Work instructions: From the line below that contains "A2 \<Longrightarrow> f x y y' >" to the line that contains "A2 by simp_all", repeat every line exactly, both ends included, and nothing else.

Supplied entries:
lemma has_derivative_set_integral_param:
  fixes F :: "'a::euclidean_space \<Rightarrow> 'b::euclidean_space \<Rightarrow> real"
    and G :: "'a \<Rightarrow> 'b \<Rightarrow> 'a"
  assumes S: "compact S" and A: "A \<subseteq> S" "A \<in> sets lborel" and U: "open U" "x0 \<in> U"
    and F: "\<And>x y. x \<in> U \<Longrightarrow> y \<in> S \<Longrightarrow> ((\<lambda>x. F x y) has_derivative (\<lambda>h. G x y \<bullet> h)) (at x)"
    and G: "continuous_on (U \<times> S) (\<lambda>(x, y). G x y)"
    and F_cont: "\<And>x. x \<in> U \<Longrightarrow> continuous_on S (F x)"
  shows "((\<lambda>x. LINT y:A|lborel. F x y) has_derivative (\<lambda>h. LINT y:A|lborel. G x0 y \<bullet> h)) (at x0)"
  unfolding has_derivative_at_alt
proof (intro conjI allI impI)
  have int_F: "set_integrable lborel A (F x)" if "x \<in> U" for x
    using set_integrable_continuous_on[OF S F_cont[OF that] A] .
  have int_G: "set_integrable lborel A (\<lambda>y. G x y \<bullet> h)" if "x \<in> U" for x h
    by (rule set_integrable_continuous_on[OF S _ A])
       (use continuous_on_slice[OF G that] in \<open>intro continuous_intros\<close>)
  show "bounded_linear (\<lambda>h. LINT y:A|lborel. G x0 y \<bullet> h)"
    using int_G[OF U(2)] by (rule bounded_linear_set_integral_inner)
  fix e :: real assume "e > 0"
  define m where "m = measure lborel A"
  have "m \<ge> 0" unfolding m_def by simp
  have fin: "emeasure lborel A \<noteq> \<infinity>"
    using emeasure_bounded_finite[of A] bounded_subset[OF compact_imp_bounded[OF S] A(1)] by auto
  obtain d where "d > 0" and ball: "ball x0 d \<subseteq> U" and d: "\<And>x y. x \<in> ball x0 d \<Longrightarrow> y \<in> S \<Longrightarrow>
      \<bar>F x y - F x0 y - G x0 y \<bullet> (x - x0)\<bar> \<le> norm (x - x0) * (e / (m + 1))"
    using uniform_linearization_in_parameter[OF S U F G, of "e / (m + 1)"] \<open>e > 0\<close> \<open>m \<ge> 0\<close> by auto
  show "\<exists>d>0. \<forall>x. norm (x - x0) < d \<longrightarrow>
      norm ((LINT y:A|lborel. F x y) - (LINT y:A|lborel. F x0 y) - (LINT y:A|lborel. G x0 y \<bullet> (x - x0)))
        \<le> e * norm (x - x0)"
  proof (intro exI[of _ d] conjI allI impI \<open>d > 0\<close>)
    fix x assume "norm (x - x0) < d"
    then have x: "x \<in> ball x0 d" "x \<in> U" using ball by (auto simp: dist_norm norm_minus_commute)
    have "\<bar>(LINT y:A|lborel. F x y) - (LINT y:A|lborel. F x0 y) - (LINT y:A|lborel. G x0 y \<bullet> (x - x0))\<bar>
        \<le> measure lborel A * (norm (x - x0) * (e / (m + 1)))"
      by (intro set_integral_diff3_le int_F int_G x U(2) A(2) fin) (use d[OF x(1)] A(1) in blast)
    also have "\<dots> = m * (norm (x - x0) * (e / (m + 1)))" by (simp add: m_def)
    also have "\<dots> \<le> e * norm (x - x0)"
      using \<open>e > 0\<close> \<open>m \<ge> 0\<close> by (simp add: field_simps mult_left_mono)
    finally show "norm ((LINT y:A|lborel. F x y) - (LINT y:A|lborel. F x0 y)
        - (LINT y:A|lborel. G x0 y \<bullet> (x - x0))) \<le> e * norm (x - x0)"
      by simp
  qed
qed

lemma set_integral_pos_open:
  fixes f :: "'a::euclidean_space \<Rightarrow> real"
  assumes A: "open A" "A \<noteq> {}" and pos: "\<And>x. x \<in> A \<Longrightarrow> f x > 0"
    and int: "set_integrable lborel A f"
  shows "(LINT x:A|lborel. f x) > 0"
proof -
  have "emeasure lborel A \<noteq> 0"
  proof -
    obtain c e where "e > 0" "ball c e \<subseteq> A"
      using A open_contains_ball by blast
    then have "emeasure lborel (ball c e) \<le> emeasure lborel A"
      using A(1) by (intro emeasure_mono) auto
    moreover have "emeasure lborel (ball c e) > 0"
      using \<open>e > 0\<close> emeasure_lborel_ball_finite[of c e] content_ball_pos[of e c]
      by (simp add: emeasure_eq_ennreal_measure)
    ultimately show ?thesis by auto
  qed
  then have "\<not> (AE x in lborel. x \<notin> A)"
    using A(1) by (subst AE_iff_measurable[of A]) auto
  moreover have "(AE x in lborel. indicator A x * f x = 0) \<Longrightarrow> (AE x in lborel. x \<notin> A)"
    by (erule eventually_mono) (use pos in \<open>fastforce split: split_indicator\<close>)
  moreover have nonneg: "0 \<le> indicator A x * f x" for x
    using pos by (auto split: split_indicator intro: less_imp_le)
  ultimately have "(LINT x|lborel. indicator A x * f x) \<noteq> 0"
    using int unfolding set_integrable_def by (subst integral_nonneg_eq_0_iff_AE) auto
  moreover have "(LINT x|lborel. indicator A x * f x) \<ge> 0"
    using nonneg by (rule Bochner_Integration.integral_nonneg)
  ultimately show ?thesis
    unfolding set_lebesgue_integral_def by simp
qed

lemma nested_set_integral_continuous:
  fixes f :: "'a::metric_space \<Rightarrow> 'b::euclidean_space \<Rightarrow> 'c::euclidean_space \<Rightarrow> real"
  assumes T: "compact T" and S1: "compact S1" and S2: "compact S2"
    and A1: "A1 \<subseteq> S1" "A1 \<in> sets lborel" and A2: "A2 \<subseteq> S2" "A2 \<in> sets lborel"
    and f: "continuous_on ((T \<times> S1) \<times> S2) (\<lambda>((x, y), y'). f x y y')"
  shows "\<And>x y. x \<in> T \<Longrightarrow> y \<in> S1 \<Longrightarrow> set_integrable lborel A2 (f x y)"
    and "\<And>x. x \<in> T \<Longrightarrow> set_integrable lborel A1 (\<lambda>y. LINT y':A2|lborel. f x y y')"
    and "continuous_on T (\<lambda>x. LINT y:A1|lborel. LINT y':A2|lborel. f x y y')"
proof -
  have f': "continuous_on ((T \<times> S1) \<times> S2) (\<lambda>(p, y'). (\<lambda>(x, y). f x y y') p)"
    using f by (simp add: case_prod_beta)
  show "set_integrable lborel A2 (f x y)" if "x \<in> T" "y \<in> S1" for x y
    using set_integrable_continuous_on[OF S2 continuous_on_slice[OF f', of "(x, y)"] A2] that by simp
  have "continuous_on (T \<times> S1) (\<lambda>p. LINT y':A2|lborel. (\<lambda>(x, y). f x y y') p)"
    by (rule continuous_on_set_integral_param[OF compact_Times[OF T S1] S2 f' A2])
  then have inner: "continuous_on (T \<times> S1) (\<lambda>(x, y). LINT y':A2|lborel. f x y y')"
    by (simp add: case_prod_beta)
  show "set_integrable lborel A1 (\<lambda>y. LINT y':A2|lborel. f x y y')" if "x \<in> T" for x
    using set_integrable_continuous_on[OF S1 continuous_on_slice[OF inner that] A1] .
  show "continuous_on T (\<lambda>x. LINT y:A1|lborel. LINT y':A2|lborel. f x y y')"
    by (rule continuous_on_set_integral_param[OF T S1 inner A1])
qed

lemma nested_set_integral_mono:
  fixes f g :: "'a::euclidean_space \<Rightarrow> 'b::euclidean_space \<Rightarrow> 'c::euclidean_space \<Rightarrow> real"
  assumes T: "compact T" and S1: "compact S1" and S2: "compact S2"
    and A: "A \<subseteq> T" "A \<in> sets lborel"
    and A1: "A1 \<subseteq> S1" "A1 \<in> sets lborel" and A2: "A2 \<subseteq> S2" "A2 \<in> sets lborel"
    and f: "continuous_on ((T \<times> S1) \<times> S2) (\<lambda>((x, y), y'). f x y y')"
    and g: "continuous_on ((T \<times> S1) \<times> S2) (\<lambda>((x, y), y'). g x y y')"
    and le: "\<And>x y y'. x \<in> A \<Longrightarrow> y \<in> A1 \<Longrightarrow> y' \<in> A2 \<Longrightarrow> f x y y' \<le> g x y y'"
  shows "(LINT x:A|lborel. LINT y:A1|lborel. LINT y':A2|lborel. f x y y')
    \<le> (LINT x:A|lborel. LINT y:A1|lborel. LINT y':A2|lborel. g x y y')"
proof (rule set_integral_mono)
  note F = nested_set_integral_continuous[OF T S1 S2 A1 A2 f]
  note G = nested_set_integral_continuous[OF T S1 S2 A1 A2 g]
  show "set_integrable lborel A (\<lambda>x. LINT y:A1|lborel. LINT y':A2|lborel. f x y y')"
    by (rule set_integrable_continuous_on[OF T F(3) A])
  show "set_integrable lborel A (\<lambda>x. LINT y:A1|lborel. LINT y':A2|lborel. g x y y')"
    by (rule set_integrable_continuous_on[OF T G(3) A])
  fix x assume x: "x \<in> A"
  then have "x \<in> T" using A by auto
  show "(LINT y:A1|lborel. LINT y':A2|lborel. f x y y') \<le> (LINT y:A1|lborel. LINT y':A2|lborel. g x y y')"
  proof (rule set_integral_mono)
    show "set_integrable lborel A1 (\<lambda>y. LINT y':A2|lborel. f x y y')"
      using F(2)[OF \<open>x \<in> T\<close>] .
    show "set_integrable lborel A1 (\<lambda>y. LINT y':A2|lborel. g x y y')"
      using G(2)[OF \<open>x \<in> T\<close>] .
    fix y assume y: "y \<in> A1"
    then have "y \<in> S1" using A1 by auto
    show "(LINT y':A2|lborel. f x y y') \<le> (LINT y':A2|lborel. g x y y')"
      using F(1) G(1) \<open>x \<in> T\<close> \<open>y \<in> S1\<close> x y le by (intro set_integral_mono) auto
  qed
qed

lemma nested_set_integral_pos:
  fixes f :: "'a::euclidean_space \<Rightarrow> 'b::euclidean_space \<Rightarrow> 'c::euclidean_space \<Rightarrow> real"
  assumes T: "compact T" and S1: "compact S1" and S2: "compact S2"
    and A: "A \<subseteq> T" "open A" "A \<noteq> {}" and A1: "A1 \<subseteq> S1" "open A1" "A1 \<noteq> {}"
    and A2: "A2 \<subseteq> S2" "open A2" "A2 \<noteq> {}"
    and f: "continuous_on ((T \<times> S1) \<times> S2) (\<lambda>((x, y), y'). f x y y')"
    and pos: "\<And>x y y'. x \<in> A \<Longrightarrow> y \<in> A1 \<Longrightarrow> y' \<in> A2 \<Longrightarrow> f x y y' > 0"
  shows "(LINT x:A|lborel. LINT y:A1|lborel. LINT y':A2|lborel. f x y y') > 0"
proof -
  have "A1 \<in> sets lborel" "A2 \<in> sets lborel" using A1 A2 by simp_all
  note F = nested_set_integral_continuous[OF T S1 S2 A1(1) this(1) A2(1) this(2) f]
  show ?thesis
  proof (rule set_integral_pos_open[OF A(2,3)])
    show "set_integrable lborel A (\<lambda>x. LINT y:A1|lborel. LINT y':A2|lborel. f x y y')"
      using A by (intro set_integrable_continuous_on[OF T F(3)]) (auto simp: A1 A2)
    fix x assume x: "x \<in> A"
    show "(LINT y:A1|lborel. LINT y':A2|lborel. f x y y') > 0"
    proof (rule set_integral_pos_open[OF A1(2,3)])
      show "set_integrable lborel A1 (\<lambda>y. LINT y':A2|lborel. f x y y')"
        using F(2) x A by blast
      show "(LINT y':A2|lborel. f x y y') > 0" if "y \<in> A1" for y
      proof -
        have "x \<in> T" "y \<in> S1" using x that A A1 by auto
        then show ?thesis using F(1) x that A2 pos by (intro set_integral_pos_open) auto
      qed
    qed
  qed
qed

Response to the task:
    and pos: "\<And>x y y'. x \<in> A \<Longrightarrow> y \<in> A1 \<Longrightarrow> y' \<in> A2 \<Longrightarrow> f x y y' > 0"
  shows "(LINT x:A|lborel. LINT y:A1|lborel. LINT y':A2|lborel. f x y y') > 0"
proof -
  have "A1 \<in> sets lborel" "A2 \<in> sets lborel" using A1 A2 by simp_all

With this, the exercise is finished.